Why does Featuretools slows down when I increase the number of Dask workers?


I'm using an Amazon SageMaker Notebook that has 72 cores and 144 GB RAM, and I carried out 2 tests with a sample of the whole data to check if the Dask cluster was working.

The sample has 4500 rows and 735 columns from 5 different "assets" (I mean 147 columns for each asset). The code is filtering the columns and creating a feature matrix for each filtered Dataframe.

First, I initialized the cluster as follows, I received 72 workers, and got 17 minutes of running. (I assume I created 72 workers with one core each.)

    from dask.distributed import Client, LocalCluster
    cluster = LocalCluster(processes=True,n_workers=72,threads_per_worker=72)

    def main():
      import featuretools as ft
      list_columns = list(df_concat_02.columns)

      list_df_features=[]
      from tqdm.notebook import tqdm

      for asset in tqdm(list_columns,total=len(list_columns)):
        dataframe = df_sma.filter(regex="^"+asset, axis=1).reset_index()

        es = ft.EntitySet()  
        es = es.entity_from_dataframe(entity_id = 'MARKET', dataframe =dataframe, 
                                      index = 'index', 
                                      time_index = 'Date')
        fm, features = ft.dfs(entityset=es, 
                              target_entity='MARKET',
                              trans_primitives = ['divide_numeric'],
                              agg_primitives = [],
                              max_depth=1,
                              verbose=True,
                              dask_kwargs={'cluster': client.scheduler.address}

                              )
        list_df_features.append(fm)
      return list_df_features

    if __name__ == "__main__":
        list_df = main()

Second, I initialized the cluster as follows, I received 9 workers, and got 3,5 minutes of running. (I assume I created 9 workers with 8 cores each.)

from dask.distributed import Client, LocalCluster
cluster = LocalCluster(processes=True)

def main():
  import featuretools as ft
  list_columns = list(df_concat_02.columns)

  list_df_features=[]
  from tqdm.notebook import tqdm

  for asset in tqdm(list_columns,total=len(list_columns)):
    dataframe = df_sma.filter(regex="^"+asset, axis=1).reset_index()

    es = ft.EntitySet()  
    es = es.entity_from_dataframe(entity_id = 'MARKET', dataframe =dataframe, 
                                  index = 'index', 
                                  time_index = 'Date')
    fm, features = ft.dfs(entityset=es, 
                          target_entity='MARKET',
                          trans_primitives = ['divide_numeric'],
                          agg_primitives = [],
                          max_depth=1,
                          verbose=True,
                          dask_kwargs={'cluster': client.scheduler.address}

                          )
    list_df_features.append(fm)
  return list_df_features

if __name__ == "__main__":
    list_df = main()

For me, it's mind-blowing because I thought that 72 workers could carry the work out faster!

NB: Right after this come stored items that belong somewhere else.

lemma red_cancel: "red (p @ w @ inv_word w @ q) = red (p @ q)"
proof (induction w arbitrary: p q)
  case Nil then show ?case by simp
next
  case (Cons g w)
  have "red (p @ (g # w) @ inv_word (g # w) @ q) = red ((p @ [g]) @ w @ inv_word w @ ([inv_letter g] @ q))" by simp
  also have "\<dots> = red ((p @ [g]) @ [inv_letter g] @ q)" by (rule Cons)
  also have "\<dots> = red (p @ [g, inv_letter g] @ q)" by simp
  also have "\<dots> = red (p @ q)" by (rule red_cancel1)
  finally show ?case .
qed

lemma red_reduced: "reduced w \<Longrightarrow> red w = w"
proof (induction w)
  case Nil then show ?case by (simp add: red_def)
next
  case (Cons g w)
  then have "red w = w" by (auto dest: reduced_tl)
  moreover have "push g w = g # w" using Cons.prems by (cases w) (auto simp: push_def)
  ultimately show ?case by (simp add: red_def)
qed

lemma red_red: "red (red w) = red w"
  by (rule red_reduced[OF reduced_red])

lemma red_cong2: "red (p @ a @ q) = red (p @ red a @ q)"
  by (rule red_cong) (rule red_red[symmetric])

lemma red_inv_cong: "red (inv_word a) = red (inv_word (red a))"
proof -
  have "red (inv_word a) = red (inv_word a @ red a @ inv_word (red a) @ [])"
    using red_cancel[of "inv_word a" "red a" "[]"] by simp
  also have "\<dots> = red (inv_word a @ a @ inv_word (red a) @ [])"
    by (rule red_cong) (rule red_red)
  also have "\<dots> = red ([] @ inv_word a @ inv_word (inv_word a) @ (inv_word (red a)))" by simp
  also have "\<dots> = red (inv_word (red a))"
    using red_cancel[of "[]" "inv_word a" "inv_word (red a)"] by simp
  finally show ?thesis .
qed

Once I'm not a specialist neither in Dask nor in FeatureTools I guess that I'm setting something wrong.

I would appreciate any kind of help and advice!

Thank you!


Solution

  • You are correctly setting dask_kwargs in DFS. I think the slow down happens as a result of additional overhead and less cores in each worker. The more workers there are, the more overhead exists from transmitting data. Additionally, 8 cores from 1 worker can be leveraged to make computations run faster than 1 core from 8 workers.